Filter the material below down to the lines with the word "fixes" and give those lines.

(Records for this task)

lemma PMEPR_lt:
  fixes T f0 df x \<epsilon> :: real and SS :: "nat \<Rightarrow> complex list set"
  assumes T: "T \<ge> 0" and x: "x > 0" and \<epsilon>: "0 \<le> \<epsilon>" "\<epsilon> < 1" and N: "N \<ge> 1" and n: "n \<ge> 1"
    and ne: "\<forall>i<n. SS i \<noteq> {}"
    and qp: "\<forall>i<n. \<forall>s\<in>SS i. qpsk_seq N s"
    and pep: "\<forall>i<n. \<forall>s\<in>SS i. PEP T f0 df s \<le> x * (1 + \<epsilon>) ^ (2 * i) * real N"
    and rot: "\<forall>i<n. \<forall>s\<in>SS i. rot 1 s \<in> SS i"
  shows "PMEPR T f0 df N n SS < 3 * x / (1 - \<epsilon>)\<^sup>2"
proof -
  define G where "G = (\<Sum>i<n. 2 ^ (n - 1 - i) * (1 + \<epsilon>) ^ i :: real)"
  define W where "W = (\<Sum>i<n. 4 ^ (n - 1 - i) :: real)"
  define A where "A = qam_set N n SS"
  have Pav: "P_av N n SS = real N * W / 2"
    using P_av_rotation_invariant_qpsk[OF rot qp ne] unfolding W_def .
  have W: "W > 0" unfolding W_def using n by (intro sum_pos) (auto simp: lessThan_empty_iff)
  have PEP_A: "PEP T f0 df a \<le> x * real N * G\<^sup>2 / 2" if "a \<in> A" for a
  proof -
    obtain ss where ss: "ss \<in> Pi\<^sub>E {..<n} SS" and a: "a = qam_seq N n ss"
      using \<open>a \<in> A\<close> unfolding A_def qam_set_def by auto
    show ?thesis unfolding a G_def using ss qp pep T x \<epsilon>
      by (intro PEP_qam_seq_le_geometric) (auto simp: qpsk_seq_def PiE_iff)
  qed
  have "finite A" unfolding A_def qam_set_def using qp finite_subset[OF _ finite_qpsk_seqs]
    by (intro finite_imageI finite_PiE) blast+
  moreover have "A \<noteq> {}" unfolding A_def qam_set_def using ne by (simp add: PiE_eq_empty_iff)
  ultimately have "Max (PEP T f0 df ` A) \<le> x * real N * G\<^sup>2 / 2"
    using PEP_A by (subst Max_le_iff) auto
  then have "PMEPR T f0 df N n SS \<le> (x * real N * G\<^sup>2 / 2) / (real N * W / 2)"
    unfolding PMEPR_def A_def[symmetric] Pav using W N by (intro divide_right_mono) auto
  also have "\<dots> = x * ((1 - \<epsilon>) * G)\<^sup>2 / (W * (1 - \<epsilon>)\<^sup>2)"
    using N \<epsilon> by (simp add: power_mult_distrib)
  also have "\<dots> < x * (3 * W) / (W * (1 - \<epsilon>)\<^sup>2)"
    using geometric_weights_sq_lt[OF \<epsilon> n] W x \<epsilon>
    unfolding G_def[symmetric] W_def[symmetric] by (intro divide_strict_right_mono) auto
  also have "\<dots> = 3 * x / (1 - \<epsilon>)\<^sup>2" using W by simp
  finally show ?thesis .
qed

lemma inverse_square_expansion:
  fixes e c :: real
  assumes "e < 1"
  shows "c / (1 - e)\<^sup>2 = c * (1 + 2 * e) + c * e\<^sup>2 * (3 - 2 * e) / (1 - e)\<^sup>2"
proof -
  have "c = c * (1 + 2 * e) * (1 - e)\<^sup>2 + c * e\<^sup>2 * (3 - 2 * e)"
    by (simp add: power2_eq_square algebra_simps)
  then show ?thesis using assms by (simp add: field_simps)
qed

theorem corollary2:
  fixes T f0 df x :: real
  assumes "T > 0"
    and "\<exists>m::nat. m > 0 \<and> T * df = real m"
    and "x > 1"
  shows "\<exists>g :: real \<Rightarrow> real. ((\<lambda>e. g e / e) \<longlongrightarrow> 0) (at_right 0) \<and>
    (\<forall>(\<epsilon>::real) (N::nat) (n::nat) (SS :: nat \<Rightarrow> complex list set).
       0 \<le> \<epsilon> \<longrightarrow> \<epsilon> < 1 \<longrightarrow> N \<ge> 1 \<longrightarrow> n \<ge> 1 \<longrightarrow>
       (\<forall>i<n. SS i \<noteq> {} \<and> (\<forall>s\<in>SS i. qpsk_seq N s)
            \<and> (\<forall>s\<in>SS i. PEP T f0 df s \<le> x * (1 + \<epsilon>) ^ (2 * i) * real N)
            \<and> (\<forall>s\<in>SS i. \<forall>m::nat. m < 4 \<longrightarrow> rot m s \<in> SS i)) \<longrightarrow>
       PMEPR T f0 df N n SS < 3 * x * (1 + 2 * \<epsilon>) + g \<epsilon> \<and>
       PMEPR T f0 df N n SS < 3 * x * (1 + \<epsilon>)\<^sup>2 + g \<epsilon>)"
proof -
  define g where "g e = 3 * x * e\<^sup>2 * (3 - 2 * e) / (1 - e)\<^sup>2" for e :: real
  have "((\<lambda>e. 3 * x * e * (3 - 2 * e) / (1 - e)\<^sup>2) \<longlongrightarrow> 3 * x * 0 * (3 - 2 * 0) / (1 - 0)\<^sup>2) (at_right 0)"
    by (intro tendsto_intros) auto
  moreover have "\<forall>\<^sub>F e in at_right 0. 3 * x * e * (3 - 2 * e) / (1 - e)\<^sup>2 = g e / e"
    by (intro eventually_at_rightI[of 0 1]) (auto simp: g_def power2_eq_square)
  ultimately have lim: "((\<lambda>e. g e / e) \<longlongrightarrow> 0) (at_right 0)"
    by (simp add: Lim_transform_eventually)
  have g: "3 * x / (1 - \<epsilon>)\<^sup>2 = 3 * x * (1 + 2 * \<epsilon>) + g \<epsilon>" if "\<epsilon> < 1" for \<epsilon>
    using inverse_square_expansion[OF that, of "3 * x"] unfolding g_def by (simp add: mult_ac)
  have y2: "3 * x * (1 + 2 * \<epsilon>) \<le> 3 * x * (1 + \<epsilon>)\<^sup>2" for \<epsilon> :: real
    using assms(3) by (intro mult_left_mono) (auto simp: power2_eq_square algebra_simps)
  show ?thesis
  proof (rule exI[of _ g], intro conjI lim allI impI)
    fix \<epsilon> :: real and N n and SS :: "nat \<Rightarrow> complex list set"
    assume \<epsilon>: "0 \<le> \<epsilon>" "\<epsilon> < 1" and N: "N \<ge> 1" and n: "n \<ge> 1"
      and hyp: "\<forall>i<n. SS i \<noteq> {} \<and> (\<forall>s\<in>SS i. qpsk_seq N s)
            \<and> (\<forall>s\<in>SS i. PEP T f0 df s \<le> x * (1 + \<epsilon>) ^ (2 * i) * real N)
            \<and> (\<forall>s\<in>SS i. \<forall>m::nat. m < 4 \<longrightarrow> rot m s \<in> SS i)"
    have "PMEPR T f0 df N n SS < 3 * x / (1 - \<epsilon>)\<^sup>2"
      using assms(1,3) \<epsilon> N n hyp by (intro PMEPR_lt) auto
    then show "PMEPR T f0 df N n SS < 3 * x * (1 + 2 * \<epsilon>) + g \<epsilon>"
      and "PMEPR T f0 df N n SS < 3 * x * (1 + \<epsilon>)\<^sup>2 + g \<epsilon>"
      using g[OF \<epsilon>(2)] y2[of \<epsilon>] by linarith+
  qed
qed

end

(End Records for this task)

● Task solution
  fixes T f0 df x \<epsilon> :: real and SS :: "nat \<Rightarrow> complex list set"
  fixes e c :: real
  fixes T f0 df x :: real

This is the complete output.